Шрифт:
– Нет.
Я посмотрела в его глаза. Глубокие и темные. Даже забыла, что когда-то они искрились любовью, когда смотрели на меня. Клайм был без одежды, и я снова увидела татуировку в виде надписи на левой стороне его груди.
– Что здесь написано? – подушечками пальцев я коснулась маленькой надписи. Клайм шумно втянул через нос воздух и на мгновение закрыл глаза, словно мое прикосновение причиняло ему физическую боль. Он резко схватил мою руку, заставив меня дернуться, но не убрал мои пальцы с тату.
– «Ты – часть моей жизни. И всегда будешь ею. Всегда. Я буду любить тебя вечно, Клайм Бейкер» – почти шепотом произнес Клайм, словно эти слова были непростительным заклинанием. Затем он свел свои брови к переносице, и сталь отразилась в его янтарных глазах.
Мне потребовалось несколько секунд, чтобы понять значение произнесенной им фразы. И как только осознание начало подкрадываться ко мне, мое сердце стало пропускать удары. Я затаила дыхание и почувствовала свой пульс в горле. Эта фраза принадлежала мне. Я написала эти слова на задней стороне хоста, на котором мною был нарисован портрет Клайма.

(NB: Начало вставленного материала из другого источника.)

(* Let $a<b$, $c<d$. If $f:[a,b]\times[c,d]\to\mathbb{R}$ is continuous and of bounded variation in the sense of Arzelà, then the box dimension of its graph $G(f)$ exists and $$\dim_B(G(f))=\dim_H(G(f))=2.$$
   Context: The graph of $f:[a,b]\times[c,d]\to\mathbb{R}$ is $G(f)=\{(x,y,f(x,y)):(x,y)\in[a,b]\times[c,d]\}\subset\mathbb{R}^3$; $\dim_H$ and $\dim_B$ denote Hausdorff and box-counting dimension. A function $f:[a,b]\times[c,d]\to\mathbb{R}$ is of bounded variation in the sense of Arzelà if there is a constant $K$ such that for every $m\in\mathbb{N}$ and all points $a=x_0\le x_1\le\dots\le x_m=b$, $c=y_0\le y_1\le\dots\le y_m=d$, one has $\sum_{i=0}^{m-1}|f(x_{i+1},y_{i+1})-f(x_i,y_i)|\le K$. *)

theory Defs
  imports "HOL-Analysis.Analysis"
begin

text \<open>Hausdorff s-dimensional measure via countable delta-covers by bounded sets
  (Falconer's definition, unnormalised).\<close>

definition hausdorff_content :: "real \<Rightarrow> real \<Rightarrow> 'a::metric_space set \<Rightarrow> ennreal" where
  "hausdorff_content s \<delta> F =
     (INF U \<in> {U :: nat \<Rightarrow> 'a set. F \<subseteq> (\<Union>i. U i) \<and> (\<forall>i. bounded (U i) \<and> diameter (U i) \<le> \<delta>)}.
        (\<Sum>i. ennreal (diameter (U i) powr s)))"

definition hausdorff_measure :: "real \<Rightarrow> 'a::metric_space set \<Rightarrow> ennreal" where
  "hausdorff_measure s F = (SUP \<delta> \<in> {0<..}. hausdorff_content s \<delta> F)"

definition hausdorff_dim :: "'a::metric_space set \<Rightarrow> real" where
  "hausdorff_dim F = Inf {s. 0 \<le> s \<and> hausdorff_measure s F = 0}"

definition covering_number :: "real \<Rightarrow> 'a::metric_space set \<Rightarrow> nat" where
  "covering_number \<delta> F =
     Inf {card C | C. finite C \<and> F \<subseteq> \<Union>C \<and> (\<forall>U\<in>C. bounded U \<and> diameter U \<le> \<delta>)}"

definition lower_box_dim :: "'a::metric_space set \<Rightarrow> ereal" where
  "lower_box_dim F = Liminf (at_right 0) (\<lambda>\<delta>. ereal (ln (real (covering_number \<delta> F)) / - ln \<delta>))"

definition upper_box_dim :: "'a::metric_space set \<Rightarrow> ereal" where
  "upper_box_dim F = Limsup (at_right 0) (\<lambda>\<delta>. ereal (ln (real (covering_number \<delta> F)) / - ln \<delta>))"

definition has_box_dim :: "'a::metric_space set \<Rightarrow> real \<Rightarrow> bool" where
  "has_box_dim F d \<longleftrightarrow> lower_box_dim F = ereal d \<and> upper_box_dim F = ereal d"

text \<open>Graph in R^3 = real \<times> real \<times> real (product metric is Euclidean).\<close>
definition graph2 :: "real \<Rightarrow> real \<Rightarrow> real \<Rightarrow> real \<Rightarrow> (real \<times> real \<Rightarrow> real) \<Rightarrow> (real \<times> real \<times> real) set" where
  "graph2 a b c d f = {(x, y, f (x, y)) | x y. x \<in> {a..b} \<and> y \<in> {c..d}}"

definition arzela_bv :: "real \<Rightarrow> real \<Rightarrow> real \<Rightarrow> real \<Rightarrow> (real \<times> real \<Rightarrow> real) \<Rightarrow> bool" where
  "arzela_bv a b c d f \<longleftrightarrow> (\<exists>K. \<forall>(m::nat) (x::nat \<Rightarrow> real) (y::nat \<Rightarrow> real).
      x 0 = a \<and> x m = b \<and> y 0 = c \<and> y m = d \<and> (\<forall>i<m. x i \<le> x (Suc i) \<and> y i \<le> y (Suc i))
      \<longrightarrow> (\<Sum>i<m. \<bar>f (x (Suc i), y (Suc i)) - f (x i, y i)\<bar>) \<le> K)"

end

theory Submission
  imports Defs "HOL-Real_Asymp.Real_Asymp"
begin

text \<open>
  Projecting \<open>G(f)\<close> to the plane gives the rectangle \<open>R = [a,b] \<times> [c,d]\<close>, and projection does
  not increase diameters; so any cover of \<open>G(f)\<close> by sets \<open>U\<^sub>i\<close> yields squares of side
  \<open>2 diam U\<^sub>i\<close> covering \<open>R\<close>, hence \<open>area R \<le> 4 \<Sum> (diam U\<^sub>i)\<^sup>2\<close>. This forces \<open>H\<^sup>s(G) > 0\<close>
  for \<open>s < 2\<close> and \<open>N\<^sub>\<delta>(G) \<ge> area R / (4\<delta>\<^sup>2)\<close>.

  Conversely, cut \<open>R\<close> into an \<open>n \<times> n\<close> grid. Over a cell the graph fits into
  \<open>\<lceil>osc / h\<rceil> + 1\<close> cubes of side \<open>h \<sim> 1/n\<close>, where \<open>osc\<close> is the oscillation of \<open>f\<close> on the cell.
  Along each of the \<open>2n\<close> diagonals of the grid, the lower-left corners of the cells interleaved
  with points where \<open>f\<close> attains its extrema form a monotone chain, so Arzela bounded
  variation bounds the sum of the oscillations on a diagonal by \<open>2K\<close>. Hence \<open>O(n\<^sup>2)\<close> cubes
  suffice, \<open>N\<^sub>\<delta>(G) = O(\<delta>\<^sup>-\<^sup>2)\<close>, and \<open>H\<^sup>s(G) = 0\<close> for \<open>s > 2\<close>.
\<close>

section \<open>Dimensions from covering estimates\<close>

lemma finite_family_enumeration:
  assumes "finite C"
  obtains U :: "nat \<Rightarrow> 'a set" where "(\<Union>i. U i) = \<Union>C" "\<And>i. U i \<in> insert {} C"
    "\<And>g :: 'a set \<Rightarrow> real. g {} = 0 \<Longrightarrow> (\<And>V. 0 \<le> g V) \<Longrightarrow> (\<Sum>i. ennreal (g (U i))) = ennreal (\<Sum>V\<in>C. g V)"
proof -
  obtain xs where xs: "set xs = C" "distinct xs"
    using finite_distinct_list[OF assms] by blast
  define U where "U i = (if i < length xs then xs ! i else {})" for i
  have "(\<Sum>i. ennreal (g (U i))) = ennreal (\<Sum>V\<in>C. g V)"
    if "g {} = 0" "\<And>V. 0 \<le> g V" for g :: "'a set \<Rightarrow> real"
  proof -
    have "(\<Sum>i. ennreal (g (U i))) = (\<Sum>i<length xs. ennreal (g (U i)))"
      by (rule suminf_finite) (auto simp: U_def that(1))
    also have "\<dots> = ennreal (\<Sum>i<length xs. g (xs ! i))"
      using that(2) by (simp add: sum_ennreal U_def)
    also have "(\<Sum>i<length xs. g (xs ! i)) = sum_list (map g xs)"
      by (simp add: sum_list_sum_nth atLeast0LessThan)
    also have "\<dots> = (\<Sum>V\<in>C. g V)"
      using sum.distinct_set_conv_list[OF xs(2), of g] xs(1) by simp
    finally show ?thesis .
  qed
  moreover have "(\<Union>i. U i) = \<Union>C"
    unfolding U_def xs(1)[symmetric]
    by (auto simp: in_set_conv_nth split: if_splits) (metis nth_mem)
  moreover have "U i \<in> insert {} C" for i
    unfolding U_def xs(1)[symmetric] by auto
  ultimately show ?thesis using that by blast
qed

lemma covering_number_le_card:
  assumes "finite C" "F \<subseteq> \<Union>C" "\<forall>U\<in>C. bounded U \<and> diameter U \<le> \<delta>"
  shows "covering_number \<delta> F \<le> card C"
  unfolding covering_number_def using assms by (intro cInf_lower) auto

lemma covering_number_attained:
  assumes "finite C" "F \<subseteq> \<Union>C" "\<forall>U\<in>C. bounded U \<and> diameter U \<le> \<delta>"
  obtains C' where "finite C'" "F \<subseteq> \<Union>C'" "\<forall>U\<in>C'. bounded U \<and> diameter U \<le> \<delta>"
    "card C' = covering_number \<delta> F"
proof -
  let ?S = "{card C | C. finite C \<and> F \<subseteq> \<Union>C \<and> (\<forall>U\<in>C. bounded U \<and> diameter U \<le> \<delta>)}"
  have "Inf ?S \<in> ?S" using assms by (intro Inf_nat_def1) auto
  then show ?thesis using that unfolding covering_number_def by auto
qed

lemma hausdorff_content_le_finite_cover:
  fixes F :: "'a::metric_space set"
  assumes "finite C" "F \<subseteq> \<Union>C" "\<forall>U\<in>C. bounded U \<and> diameter U \<le> \<delta>" "0 \<le> \<delta>"
  shows "hausdorff_content s \<delta> F \<le> ennreal (\<Sum>V\<in>C. diameter V powr s)"
proof -
  obtain U where U: "(\<Union>i. U i) = \<Union>C" "\<And>i. U i \<in> insert {} C"
    "\<And>g :: _ set \<Rightarrow> real. g {} = 0 \<Longrightarrow> (\<And>V. 0 \<le> g V) \<Longrightarrow> (\<Sum>i. ennreal (g (U i))) = ennreal (\<Sum>V\<in>C. g V)"
    using finite_family_enumeration[OF assms(1)] by blast
  have "bounded (U i) \<and> diameter (U i) \<le> \<delta>" for i
    using U(2)[of i] assms(3,4) by auto
  then have "F \<subseteq> (\<Union>i. U i) \<and> (\<forall>i. bounded (U i) \<and> diameter (U i) \<le> \<delta>)"
    using U(1) assms(2) by simp
  then have "hausdorff_content s \<delta> F \<le> (\<Sum>i. ennreal (diameter (U i) powr s))"
    unfolding hausdorff_content_def by (intro INF_lower) simp
  also have "\<dots> = ennreal (\<Sum>V\<in>C. diameter V powr s)"
    by (rule U(3)) auto
  finally show ?thesis .
qed

lemma hausdorff_measure_eq_0_if_small_covers:
  fixes F :: "'a::metric_space set"
  assumes "0 < \<delta>0" "0 \<le> t" "t < s"
    and covers: "\<And>\<delta>. 0 < \<delta> \<Longrightarrow> \<delta> < \<delta>0 \<Longrightarrow> \<exists>C. finite C \<and> F \<subseteq> \<Union>C \<and>
      (\<forall>U\<in>C. bounded U \<and> diameter U \<le> \<delta>) \<and> real (card C) \<le> B / \<delta> powr t"
  shows "hausdorff_measure s F = 0"
proof -
  have small: "hausdorff_content s \<eta> F \<le> ennreal \<epsilon>" if "0 < \<eta>" "0 < \<epsilon>" for \<eta> \<epsilon>
  proof -
    have "((\<lambda>\<delta>. B * \<delta> powr (s - t)) \<longlongrightarrow> 0) (at_right 0)"
      using assms(3) by real_asymp
    then have "\<forall>\<^sub>F \<delta> in at_right 0. B * \<delta> powr (s - t) < \<epsilon> \<and> \<delta> \<in> {0<..<min \<eta> \<delta>0}"
      using that assms(1) by (intro eventually_conj order_tendstoD(2) eventually_at_right_real) auto
    then have "\<exists>\<delta>. B * \<delta> powr (s - t) < \<epsilon> \<and> \<delta> \<in> {0<..<min \<eta> \<delta>0}"
      by (rule eventually_happens'[rotated]) simp
    then obtain \<delta> where \<delta>: "B * \<delta> powr (s - t) < \<epsilon>" "0 < \<delta>" "\<delta> < \<eta>" "\<delta> < \<delta>0"
      by auto
    obtain C where C: "finite C" "F \<subseteq> \<Union>C" "\<forall>U\<in>C. bounded U \<and> diameter U \<le> \<delta>"
      "real (card C) \<le> B / \<delta> powr t"
      using covers[OF \<delta>(2,4)] by blast
    have "(\<Sum>V\<in>C. diameter V powr s) \<le> (\<Sum>V\<in>C. \<delta> powr s)"
      using C(3) assms(2,3) by (intro sum_mono powr_mono2) (auto simp: diameter_ge_0)
    also have "\<dots> = real (card C) * \<delta> powr s" by simp
    also have "\<dots> \<le> B / \<delta> powr t * \<delta> powr s" using C(4) by (intro mult_right_mono) auto
    also have "\<dots> = B * \<delta> powr (s - t)" using \<delta>(2) by (simp add: powr_diff)
    finally have sum_le: "(\<Sum>V\<in>C. diameter V powr s) \<le> \<epsilon>" using \<delta>(1) by simp
    have "\<forall>U\<in>C. bounded U \<and> diameter U \<le> \<eta>"
      using C(3) \<delta>(3) by auto
    then have "hausdorff_content s \<eta> F \<le> ennreal (\<Sum>V\<in>C. diameter V powr s)"
      using C(1,2) \<open>0 < \<eta>\<close> by (intro hausdorff_content_le_finite_cover) auto
    then show ?thesis
      using ennreal_leI[OF sum_le] by (rule order_trans)
  qed
  have "hausdorff_content s \<eta> F = 0" if "0 < \<eta>" for \<eta>
  proof -
    have "hausdorff_content s \<eta> F \<le> 0"
    proof (rule ennreal_le_epsilon)
      fix \<epsilon> :: real assume "0 < \<epsilon>"
      then show "hausdorff_content s \<eta> F \<le> 0 + ennreal \<epsilon>"
        using small[OF that \<open>0 < \<epsilon>\<close>] by simp
    qed
    then show ?thesis by simp
  qed
  then show ?thesis unfolding hausdorff_measure_def by simp
qed

lemma hausdorff_measure_ne_0_if_cover_sums_bounded_below:
  fixes F :: "'a::metric_space set"
  assumes "0 < A" "s \<le> t"
    and lower: "\<And>U. F \<subseteq> (\<Union>i. U i) \<Longrightarrow> (\<forall>i. bounded (U i) \<and> diameter (U i) \<le> 1) \<Longrightarrow>
      ennreal A \<le> (\<Sum>i. ennreal (diameter (U i) powr t))"
  shows "hausdorff_measure s F \<noteq> 0"
proof -
  have "ennreal A \<le> hausdorff_content s 1 F"
    unfolding hausdorff_content_def
  proof (rule INF_greatest, clarify)
    fix U :: "nat \<Rightarrow> 'a set"
    assume U: "F \<subseteq> (\<Union>i. U i)" "\<forall>i. bounded (U i) \<and> diameter (U i) \<le> 1"
    have "ennreal A \<le> (\<Sum>i. ennreal (diameter (U i) powr t))" by (rule lower[OF U])
    also have "\<dots> \<le> (\<Sum>i. ennreal (diameter (U i) powr s))"
      using U(2) assms(2) by (intro suminf_le ennreal_leI powr_mono') (auto simp: diameter_ge_0)
    finally show "ennreal A \<le> (\<Sum>i. ennreal (diameter (U i) powr s))" .
  qed
  also have "\<dots> \<le> hausdorff_measure s F"
    unfolding hausdorff_measure_def by (rule SUP_upper) simp
  finally show ?thesis using assms(1) by (auto simp: ennreal_eq_0_iff)
qed

lemma hausdorff_dim_eqI:
  assumes "0 \<le> t" and zero: "\<And>s. t < s \<Longrightarrow> hausdorff_measure s F = 0"
    and nonzero: "\<And>s. 0 \<le> s \<Longrightarrow> s < t \<Longrightarrow> hausdorff_measure s F \<noteq> 0"
  shows "hausdorff_dim F = t"
proof -
  let ?Z = "{s. 0 \<le> s \<and> hausdorff_measure s F = 0}"
  have below: "t \<le> s" if "s \<in> ?Z" for s
    using that nonzero[of s] by (cases "s < t") auto
  have above: "t + \<epsilon> \<in> ?Z" if "0 < \<epsilon>" for \<epsilon>
    using that assms(1) zero[of "t + \<epsilon>"] by simp
  have "Inf ?Z \<le> t + \<epsilon>" if "0 < \<epsilon>" for \<epsilon>
    using above[OF that] by (rule cInf_lower) (use below in \<open>rule bdd_belowI\<close>)
  then have "Inf ?Z \<le> t"
    by (rule field_le_epsilon)
  moreover have "t \<le> Inf ?Z"
    using above[of 1] below by (intro cInf_greatest) auto
  ultimately show ?thesis
    unfolding hausdorff_dim_def by simp
qed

Я оставила эту картину в доме его родителей, когда убегала в ту роковую ночь. Я хотела подарить ему портрет, но не успела. Я слишком хорошо помню с какими чувствами я писала эту картину, чтобы не почувствовать дрожь во всем теле.
– Не молчи, Рита. Скажи что-нибудь, – его голос стал грубым и прерывистым. Клайм тяжело дышал, и я могла расслышать биение его сердца.
– Почему ты набил эти слова прямо под своим сердцем? – мой голос предательски дрожал и, должно быть, слышался пискляво и жалко.
– Потому что, блядь, это единственное, что осталось от тебя. Небольшая часть тебя всегда была со мной. Прямо под моим сердцем.
Точно так же, как и наш ребенок был под моим сердцем.
Я сейчас задохнусь. Мне не хватает кислорода. Мне казалось, что я вот-вот упаду в обморок.
– Как ты можешь так говорить?! Ты издеваешься надо мной, не так ли? Находишь забавным играть с моими чувствами?! – я вскрикнула и поднялась на локтях, заставив Клайма отпрянуть. – Не будь же скотиной, Клайм! Хотя бы сейчас перестань издеваться надо мной!
Мой голос надломился и через секунду горячие слезы предательски брызнули из моих глаз. Я обещала себе не плакать, тем более перед Клаймом, но сейчас моя маска дала трещину. Я все еще любила его, а он нагло игрался с моим сердцем, как с чертовой игрушкой.
– Тише… – мягко произнес Клайм и, к моему удивлению, притянул меня к себе. Я уткнулась мокрым лицом в изгиб его шеи, и вдохнула грейпфрутовый аромат его кожи. – Тебе нужно успокоиться.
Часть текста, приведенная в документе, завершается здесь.